── Source data ──

lemma subP_reset_decomposition:
  fixes lam xi v1 v2 t :: real
  assumes lam: "lam > 0" and xi: "xi > 0" and v: "v2 < v1" and t: "t > 0"
    and vj: "vel v1 v2 j \<noteq> 0" and A[measurable]: "A \<in> sets borel"
  shows "subP_reset lam xi v1 v2 i j t A
    = exp (- xi * t) * (if i = j then indicator A (vel v1 v2 j * t) / (1 + lam * t) else 0)
      + (LINT x:A|lborel. reset_dens lam xi v1 v2 i j t x)"
proof -
  let ?final = "\<lambda>x. indicator A x *
    (exp (- xi * t) * indicator {v2 * t<..<v1 * t} x * subP_dens lam v1 v2 i j x t)"
  let ?atom_dens = "\<lambda>x. indicator A x * atom_dens lam xi (vel v1 v2 j) t x"
  let ?R = "\<lambda>x. indicator A x * (\<integral>s. reset_kernel lam xi v1 v2 i j t x s \<partial>lborel)"
  have "(\<integral>x. ?final x \<partial>lborel) = exp (- xi * t)
      * (\<integral>x. indicator A x * indicator {v2 * t<..<v1 * t} x * subP_dens lam v1 v2 i j x t \<partial>lborel)"
    by (simp add: integral_mult_right_zero[symmetric] ac_simps)
  then have no_reset_part: "exp (- xi * t) * subP lam v1 v2 i j t A
      = exp (- xi * t) * (if i = j then indicator A (vel v1 v2 j * t) / (1 + lam * t) else 0)
        + integral\<^sup>L lborel ?final"
    by (simp add: subP_decomposition distrib_left)
  have "integrable lborel (\<lambda>x. exp (- xi * t) * (indicator {v2 * t<..<v1 * t} x * subP_dens lam v1 v2 i j x t))"
    using integrable_subP_dens[OF lam v less_imp_le[OF t]] by (rule integrable_mult_right)
  from integrable_mult_indicator[OF _ this, of A] A
  have "integrable lborel ?final" by (simp add: ac_simps)
  moreover note integral_atom_kernel(1)[OF less_imp_le[OF lam] less_imp_le[OF xi] vj A]
    reset_kernel_Fubini(1)[OF lam less_imp_le[OF xi] v t A]
  moreover have "(LINT x:A|lborel. reset_dens lam xi v1 v2 i j t x)
      = (\<integral>x. ?final x + (of_bool (i = j) * xi * ?atom_dens x + xi * ?R x) \<partial>lborel)"
    unfolding set_lebesgue_integral_def reset_dens_def by (simp add: algebra_simps)
  ultimately have "(LINT x:A|lborel. reset_dens lam xi v1 v2 i j t x) = integral\<^sup>L lborel ?final
      + (of_bool (i = j) * xi * integral\<^sup>L lborel ?atom_dens + xi * integral\<^sup>L lborel ?R)"
    by simp
  then show ?thesis
    unfolding subP_reset_def no_reset_part time_integral_subP[OF assms] by (simp add: algebra_simps)
qed
(* Let $k\geq2$, $n$, $r$ be positive integers with $r<\frac{(k-1)n}{k}$. Let $\sigma$ be a cyclic order on $[n]$, and let $\mathcal{F}$ be a $k$-wise intersecting family of $\sigma$-intervals of length $r$. If $|\mathcal{F}|=r$, then there is a point $x$ such that $\mathcal{F}$ consists of all $\sigma$-intervals of length $r$ containing $x$.
   Context: A cyclic order on $[n]$ is a permutation $\sigma=(\sigma(1),\dots,\sigma(n))$ of $[n]$ considered up to cyclic rotation. For $x\in[n]$, the $\sigma$-interval of length $r$ starting at $x$ is $\{\sigma(x),\sigma(x+1),\dots,\sigma(x+r-1)\}$, with indices taken modulo $n$ (in $[n]$). A family $\mathcal{F}$ is $k$-wise intersecting if $F_1\cap\cdots\cap F_k\neq\emptyset$ for all $F_1,\dots,F_k\in\mathcal{F}$. *)

theory Defs
  imports Complex_Main
begin

text \<open>A cyclic order on [n] = {1..n} is represented by a permutation sigma of {1..n};
  rotation does not change the set of sigma-intervals.\<close>

definition cyclic_order :: "nat \<Rightarrow> (nat \<Rightarrow> nat) \<Rightarrow> bool" where
  "cyclic_order n \<sigma> \<longleftrightarrow> bij_betw \<sigma> {1..n} {1..n}"

definition sigma_interval :: "nat \<Rightarrow> (nat \<Rightarrow> nat) \<Rightarrow> nat \<Rightarrow> nat \<Rightarrow> nat set" where
  "sigma_interval n \<sigma> r x = {\<sigma> (((x + i - 1) mod n) + 1) | i. i < r}"

definition sigma_intervals :: "nat \<Rightarrow> (nat \<Rightarrow> nat) \<Rightarrow> nat \<Rightarrow> nat set set" where
  "sigma_intervals n \<sigma> r = {sigma_interval n \<sigma> r x | x. x \<in> {1..n}}"

definition k_wise_intersecting :: "nat \<Rightarrow> 'a set set \<Rightarrow> bool" where
  "k_wise_intersecting k \<F> \<longleftrightarrow>
     (\<forall>Fs :: nat \<Rightarrow> 'a set. (\<forall>i<k. Fs i \<in> \<F>) \<longrightarrow> (\<Inter>i<k. Fs i) \<noteq> {})"

end

theory Submission
  imports Defs
begin

text \<open>
  Via \<sigma>, identify [n] with the residues modulo n, so that \<sigma>-intervals of length r become
  arcs {y, y+1, ..., y+r-1} and \<F> is determined by the set S of r starting points of its
  arcs; write g = n - r, so that the hypothesis reads k g > n. If some window of g consecutive
  residues misses S, then S is the complementary window and every arc starting in S contains
  its last point. Otherwise follow the greedy walk that jumps from a start to the farthest start
  at distance at most g. The residues skipped by the jumps of one period of this walk are
  distinct and outside S, so these gaps add up to at most g; since k g > n, some k consecutive
  jumps then cover a full turn, and the k arcs starting at those points have no common point.
\<close>

definition arc :: "int \<Rightarrow> int \<Rightarrow> int \<Rightarrow> int set" where
  "arc N R y = {p \<in> {0..<N}. (p - y) mod N < R}"
(* Let $\rho\in(0,1)$ and $c_A,c_K>0$. There is a constant $c_1>0$, depending only on $A,B,Q,R,\rho,c_A,c_K$ and the dimensions, such that for any $K,K'\in\mathbb{R}^{k\times d}$ with $\|K\|,\|K'\|\le c_K$, $\|A-BK\|,\|A-BK'\|\le c_A$ and $\rho(A-BK),\rho(A-BK')\le\rho$, $$\|\theta_K-\theta_{K'}\|_F\le c_1\|K-K'\|_F.$$
   Context: $A\in\mathbb{R}^{d\times d}$, $B\in\mathbb{R}^{d\times k}$, $Q\in\mathbb{R}^{d\times d}$, $R\in\mathbb{R}^{k\times k}$ symmetric positive definite. $\rho(\cdot)$ is the spectral radius, $\|\cdot\|$ the operator norm. For $\rho(A-BK)<1$, $P_K$ is the solution of $P_K=Q+K^\top RK+(A-BK)^\top P_K(A-BK)$ and $$\theta_K=\begin{bmatrix}Q+A^\top P_KA & A^\top P_KB\\ B^\top P_KA & R+B^\top P_KB\end{bmatrix}.$$ *)

theory Defs
  imports "HOL-Analysis.Analysis"
begin

definition cmat :: "real^'n^'n \<Rightarrow> complex^'n^'n" where
  "cmat M = (\<chi> i j. complex_of_real (M $ i $ j))"

definition spec_rad :: "real^'n^'n \<Rightarrow> real" where
  "spec_rad M = Sup {cmod l | l. \<exists>v::complex^'n. v \<noteq> 0 \<and> cmat M *v v = l *s v}"

definition opnorm :: "real^'n^'m \<Rightarrow> real" where
  "opnorm M = onorm (\<lambda>x. M *v x)"

text \<open>Frobenius norm; coincides with the built-in norm on real^'n^'m.\<close>
definition frob :: "real^'n^'m \<Rightarrow> real" where
  "frob M = sqrt (\<Sum>i\<in>UNIV. \<Sum>j\<in>UNIV. (M $ i $ j)^2)"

───

- **What you have to do**:
Scan the data above for the string "cmat". Copy every line in which it appears.

- **Answer for this exercise**:
definition cmat :: "real^'n^'n \<Rightarrow> complex^'n^'n" where
  "cmat M = (\<chi> i j. complex_of_real (M $ i $ j))"
  "spec_rad M = Sup {cmod l | l. \<exists>v::complex^'n. v \<noteq> 0 \<and> cmat M *v v = l *s v}"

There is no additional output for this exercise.